It can barely have escaped the notice of even the most casual Broken Frontier reader that August saw significant coverage for UK publisher Breakdown Press’s Safari Festival on this site. Over the course of a fortnight we ran a whole series of interviews, reviews and features on many of the Safari creators/publishers including pieces on Latvian micropublisher kuš!, Retrofit Comics, Jack Teagle, Donya Todd, Simon Moreton, Eyeball Comix, Babak Ganjei, Grace Wilson, Comics Workbook, Wai Wai Pang/Comic Book Slumber Party, Will Sweeney, One Beat Zines, Matthew Swan, Darren Cullen/Spelling Mistakes Cost Lives and, of course Breakdown Press itself. You can browse the most comprehensive set of Safari Festival-related articles on the internet all in one place here.
In many ways it was two utterly quintessential weeks of Broken Frontier coverage and that’s largely because Safari’s objective of championing “new waves in contemporary comics and arts” is so closely aligned with our own mission statement here at BF. With both kuš! (making their first UK appearance) and European distro/collective the Treasure Fleet (who were guests at Nobrow’s second ELCAF two years ago) there was an added international dimension this time around from a micropublishing perspective, and a welcome opportunity for those immersed in that scene to meet some vitally important players in the small press world from outside of these shores.

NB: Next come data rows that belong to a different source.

lemma col_sum_norm_Z_ge:
  assumes "j < n"
  shows "c\<^sup>2 \<le> col_sum n (norm_Z n K) j"
proof -
  have "c\<^sup>2 = 1 / n * (c\<^sup>2 * n)"
    using n_pos by simp
  also have "\<dots> \<le> col_sum n (norm_A n K) j * (c\<^sup>2 * n)"
    using assms col_sum_norm_A_ge by (intro mult_right_mono) auto
  also have "\<dots> = (\<Sum>i<n. norm_A n K i j / (1 / (c\<^sup>2 * n)))"
    unfolding col_sum_def sum_distrib_right by simp
  also have "\<dots> \<le> col_sum n (norm_Z n K) j"
    unfolding col_sum_def[of n "norm_Z n K"] norm_Z_def using assms c_pos n_pos
    by (intro sum_mono divide_left_mono)
      (auto simp: norm_A_nonneg row_sum_norm_A_le row_sum_norm_A_pos)
  finally show ?thesis .
qed

end

locale close_kernel_matrices =
  K: kernel_matrix n c K + K': kernel_matrix n c K' for n c K K' +
  fixes \<delta> :: real
  assumes entry_diff_le: "\<And>i j. i < n \<Longrightarrow> j < n \<Longrightarrow> \<bar>K i j - K' i j\<bar> \<le> \<delta>"
begin

lemma delta_nonneg: "0 \<le> \<delta>"
  using entry_diff_le[of 0 0] K.n_pos by force

lemma n_pos_real: "0 < real n"
  using K.n_pos by simp

lemma row_sum_diff_le: "i < n \<Longrightarrow> \<bar>row_sum n K i - row_sum n K' i\<bar> \<le> n * \<delta>"
  unfolding row_sum_def by (rule abs_sum_diff_le) (rule entry_diff_le)

lemma col_sum_diff_le: "j < n \<Longrightarrow> \<bar>col_sum n K j - col_sum n K' j\<bar> \<le> n * \<delta>"
  unfolding col_sum_def by (rule abs_sum_diff_le) (rule entry_diff_le)

lemma row_col_sum_product_diff_le:
  assumes "i < n" "j < n"
  shows "\<bar>row_sum n K i * col_sum n K j - row_sum n K' i * col_sum n K' j\<bar> \<le> 2 * (real n)\<^sup>2 * \<delta>"
proof -
  have "\<bar>row_sum n K i * col_sum n K j - row_sum n K' i * col_sum n K' j\<bar> \<le> n * (n * \<delta>) + (n * \<delta>) * n"
    using assms K.row_sum_le K.row_sum_pos K'.col_sum_le K'.col_sum_pos
    by (intro abs_mult_diff_le row_sum_diff_le col_sum_diff_le) (auto simp: abs_of_pos)
  then show ?thesis
    by (simp add: power2_eq_square algebra_simps)
qed

lemma norm_A_diff_le:
  assumes "i < n" "j < n"
  shows "\<bar>norm_A n K i j - norm_A n K' i j\<bar> \<le> 3 * \<delta> / (c ^ 4 * (real n)\<^sup>2)"
proof -
  have "\<bar>norm_A n K i j - norm_A n K' i j\<bar>
      \<le> \<delta> / (c\<^sup>2 * (real n)\<^sup>2) + 1 * (2 * (real n)\<^sup>2 * \<delta>) / (c\<^sup>2 * (real n)\<^sup>2)\<^sup>2"
    unfolding norm_A_def using assms K.c_pos n_pos_real K.entry_nonneg K.entry_le_one
    by (intro abs_divide_diff_le entry_diff_le row_col_sum_product_diff_le
        K.row_col_sum_product_ge K'.row_col_sum_product_ge) auto
  also have "\<dots> = \<delta> / (c ^ 2 * (real n)\<^sup>2) + 2 * \<delta> / (c ^ 4 * (real n)\<^sup>2)"
    using K.c_pos n_pos_real by (simp add: field_simps eval_nat_numeral)
  also have "\<dots> \<le> \<delta> / (c ^ 4 * (real n)\<^sup>2) + 2 * \<delta> / (c ^ 4 * (real n)\<^sup>2)"
    using K.c_pos K.c_le_one delta_nonneg n_pos_real
    by (intro add_right_mono divide_mult_power_mono) auto
  also have "\<dots> = 3 * \<delta> / (c ^ 4 * (real n)\<^sup>2)"
    unfolding add_divide_distrib[symmetric] by simp
  finally show ?thesis .
qed

lemma row_sum_norm_A_diff_le:
  assumes "i < n"
  shows "\<bar>row_sum n (norm_A n K) i - row_sum n (norm_A n K') i\<bar> \<le> 3 * \<delta> / (c ^ 4 * n)"
proof -
  have "\<bar>row_sum n (norm_A n K) i - row_sum n (norm_A n K') i\<bar> \<le> n * (3 * \<delta> / (c ^ 4 * (real n)\<^sup>2))"
    unfolding row_sum_def[of n "norm_A n K"] row_sum_def[of n "norm_A n K'"]
    using assms by (intro abs_sum_diff_le norm_A_diff_le)
  then show ?thesis
    using n_pos_real by (simp add: power2_eq_square)
qed

lemma norm_Z_diff_le:
  assumes "i < n" "j < n"
  shows "\<bar>norm_Z n K i j - norm_Z n K' i j\<bar> \<le> 6 * \<delta> / (c ^ 6 * n)"
proof -
  have "\<bar>norm_Z n K i j - norm_Z n K' i j\<bar>
      \<le> (3 * \<delta> / (c ^ 4 * (real n)\<^sup>2)) / (1 / n)
        + (1 / (c\<^sup>2 * (real n)\<^sup>2)) * (3 * \<delta> / (c ^ 4 * n)) / (1 / n)\<^sup>2"
    unfolding norm_Z_def using assms n_pos_real K.norm_A_nonneg K.norm_A_le
    by (intro abs_divide_diff_le norm_A_diff_le row_sum_norm_A_diff_le
        K.row_sum_norm_A_ge K'.row_sum_norm_A_ge) auto
  also have "\<dots> = 3 * \<delta> / (c ^ 4 * n) + 3 * \<delta> / (c ^ 6 * n)"
    using K.c_pos n_pos_real by (simp add: field_simps eval_nat_numeral)
  also have "\<dots> \<le> 6 * \<delta> / (c ^ 6 * n)"
    using divide_mult_power_mono[of c 4 6 "3 * \<delta>" n] K.c_pos K.c_le_one delta_nonneg n_pos_real
    by simp
  finally show ?thesis .
qed

lemma col_sum_norm_Z_diff_le:
  assumes "j < n"
  shows "\<bar>col_sum n (norm_Z n K) j - col_sum n (norm_Z n K') j\<bar> \<le> 6 * \<delta> / c ^ 6"
proof -
  have "\<bar>col_sum n (norm_Z n K) j - col_sum n (norm_Z n K') j\<bar> \<le> n * (6 * \<delta> / (c ^ 6 * n))"
    unfolding col_sum_def[of n "norm_Z n K"] col_sum_def[of n "norm_Z n K'"]
    using assms by (intro abs_sum_diff_le norm_Z_diff_le)
  then show ?thesis
    using n_pos_real by simp
qed


lemma ZLZt_summand_diff_le:
  assumes "i < n" "k < n" "j < n"
  shows "\<bar>norm_Z n K i j * (1 / col_sum n (norm_Z n K) j) * norm_Z n K k j
      - norm_Z n K' i j * (1 / col_sum n (norm_Z n K') j) * norm_Z n K' k j\<bar>
    \<le> 18 * \<delta> / (c ^ 14 * (real n)\<^sup>2)"
proof -
  have product_diff: "\<bar>norm_Z n K i j * norm_Z n K k j - norm_Z n K' i j * norm_Z n K' k j\<bar>
      \<le> 1 / (c\<^sup>2 * n) * (6 * \<delta> / (c ^ 6 * n)) + (6 * \<delta> / (c ^ 6 * n)) * (1 / (c\<^sup>2 * n))"
    using assms K.norm_Z_nonneg K.norm_Z_le K'.norm_Z_nonneg K'.norm_Z_le
    by (intro abs_mult_diff_le norm_Z_diff_le) auto
  have product_le: "\<bar>norm_Z n K i j * norm_Z n K k j\<bar> \<le> 1 / (c\<^sup>2 * n) * (1 / (c\<^sup>2 * n))"
    unfolding abs_mult using assms K.norm_Z_nonneg K.norm_Z_le by (intro mult_mono) auto
  have "\<bar>norm_Z n K i j * (1 / col_sum n (norm_Z n K) j) * norm_Z n K k j
      - norm_Z n K' i j * (1 / col_sum n (norm_Z n K') j) * norm_Z n K' k j\<bar>
    = \<bar>norm_Z n K i j * norm_Z n K k j / col_sum n (norm_Z n K) j
      - norm_Z n K' i j * norm_Z n K' k j / col_sum n (norm_Z n K') j\<bar>"
    by simp
  also have "\<dots> \<le> (1 / (c\<^sup>2 * n) * (6 * \<delta> / (c ^ 6 * n)) + (6 * \<delta> / (c ^ 6 * n)) * (1 / (c\<^sup>2 * n))) / c\<^sup>2
      + (1 / (c\<^sup>2 * n) * (1 / (c\<^sup>2 * n))) * (6 * \<delta> / c ^ 6) / (c\<^sup>2)\<^sup>2"
    using assms K.c_pos product_diff product_le
    by (intro abs_divide_diff_le col_sum_norm_Z_diff_le K.col_sum_norm_Z_ge K'.col_sum_norm_Z_ge) auto
  also have "\<dots> = 12 * \<delta> / (c ^ 10 * (real n)\<^sup>2) + 6 * \<delta> / (c ^ 14 * (real n)\<^sup>2)"
    using K.c_pos n_pos_real by (simp add: field_simps eval_nat_numeral)
  also have "\<dots> \<le> 12 * \<delta> / (c ^ 14 * (real n)\<^sup>2) + 6 * \<delta> / (c ^ 14 * (real n)\<^sup>2)"
    using K.c_pos K.c_le_one delta_nonneg n_pos_real
    by (intro add_right_mono divide_mult_power_mono) auto
  also have "\<dots> = 18 * \<delta> / (c ^ 14 * (real n)\<^sup>2)"
    unfolding add_divide_distrib[symmetric] by simp
  finally show ?thesis .
qed

lemma ZLZt_diff_le:
  assumes "i < n" "k < n"
  shows "\<bar>ZLZt n (norm_Z n K) i k - ZLZt n (norm_Z n K') i k\<bar> \<le> 18 * \<delta> / (c ^ 14 * n)"
proof -
  have "\<bar>ZLZt n (norm_Z n K) i k - ZLZt n (norm_Z n K') i k\<bar> \<le> n * (18 * \<delta> / (c ^ 14 * (real n)\<^sup>2))"
    unfolding ZLZt_def using assms by (intro abs_sum_diff_le ZLZt_summand_diff_le)
  then show ?thesis
    using n_pos_real by (simp add: power2_eq_square)
qed

end

lemma spec_norm_le_entrywise:
  fixes M :: "nat \<Rightarrow> nat \<Rightarrow> real"
  assumes "n \<ge> 1" and entry_le: "\<And>i k. i < n \<Longrightarrow> k < n \<Longrightarrow> \<bar>M i k\<bar> \<le> m"
  shows "spec_norm n M \<le> n * m"
  unfolding spec_norm_def
proof (rule cSUP_least)
  show "{v. L2_set v {..<n} \<le> 1} \<noteq> {}"
    by (auto intro!: exI[of _ "\<lambda>_. 0"] simp: L2_set_def)
next
  fix v :: "nat \<Rightarrow> real"
  assume "v \<in> {v. L2_set v {..<n} \<le> 1}"
  then have v: "L2_set v {..<n} \<le> 1"
    by simp
  have m: "0 \<le> m"
    using entry_le[of 0 0] assms(1) by force
  have row: "\<bar>\<Sum>j<n. M i j * v j\<bar> \<le> m * sqrt n" if "i < n" for i
  proof -
    have "\<bar>\<Sum>j<n. M i j * v j\<bar> \<le> m * (\<Sum>j<n. \<bar>1\<bar> * \<bar>v j\<bar>)"
      unfolding sum_distrib_left
      by (rule order_trans[OF sum_abs sum_mono]) (auto simp: abs_mult that entry_le intro: mult_right_mono)
    also have "\<dots> \<le> m * (L2_set (\<lambda>_. 1) {..<n} * L2_set v {..<n})"
      by (rule mult_left_mono[OF L2_set_mult_ineq m])
    also have "\<dots> \<le> m * sqrt n"
      unfolding L2_set_constant using v m by (intro mult_left_mono) (auto intro: mult_left_le)
    finally show ?thesis .
  qed
  have "L2_set (\<lambda>i. \<Sum>j<n. M i j * v j) {..<n} = L2_set (\<lambda>i. \<bar>\<Sum>j<n. M i j * v j\<bar>) {..<n}"
    by (simp add: L2_set_def)
  also have "\<dots> \<le> L2_set (\<lambda>_. m * sqrt n) {..<n}"
    by (rule L2_set_mono) (use row in auto)
  also have "\<dots> = n * m"
    unfolding L2_set_constant using m by (simp add: abs_mult mult.commute[of m] mult.assoc[symmetric])
  finally show "L2_set (\<lambda>i. \<Sum>j<n. M i j * v j) {..<n} \<le> n * m" .
qed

In terms of curation reflecting philosophy this second Safari was an outstanding event, providing punters with a carefully selected guest list of cutting edge practitioners in the medium. Every festival visitor will, of course, have their own individual highlights in terms of finds (a small selection of my own buys/freebies for review are pictured) but mine included Jonathan Chandler’s Another Blue World from Breakdown Press, new zines from Smoo Comics’ Simon Moreton, the latest kuš! anthology with its fashion theme, the third issue of Matthew Swan’s Parsley Girl, work from Jack Teagle and Donya Todd, an armful of those “grab them when you see them” Jazz Dad Books (image below), and a new zine from Brigid Deacon whose Coma Deep comic so impressed me earlier this year in this column here. Those wanting specific and in-depth commentary on comics work on offer at Safari are directed to those aforementioned 20 Broken Frontier articles here!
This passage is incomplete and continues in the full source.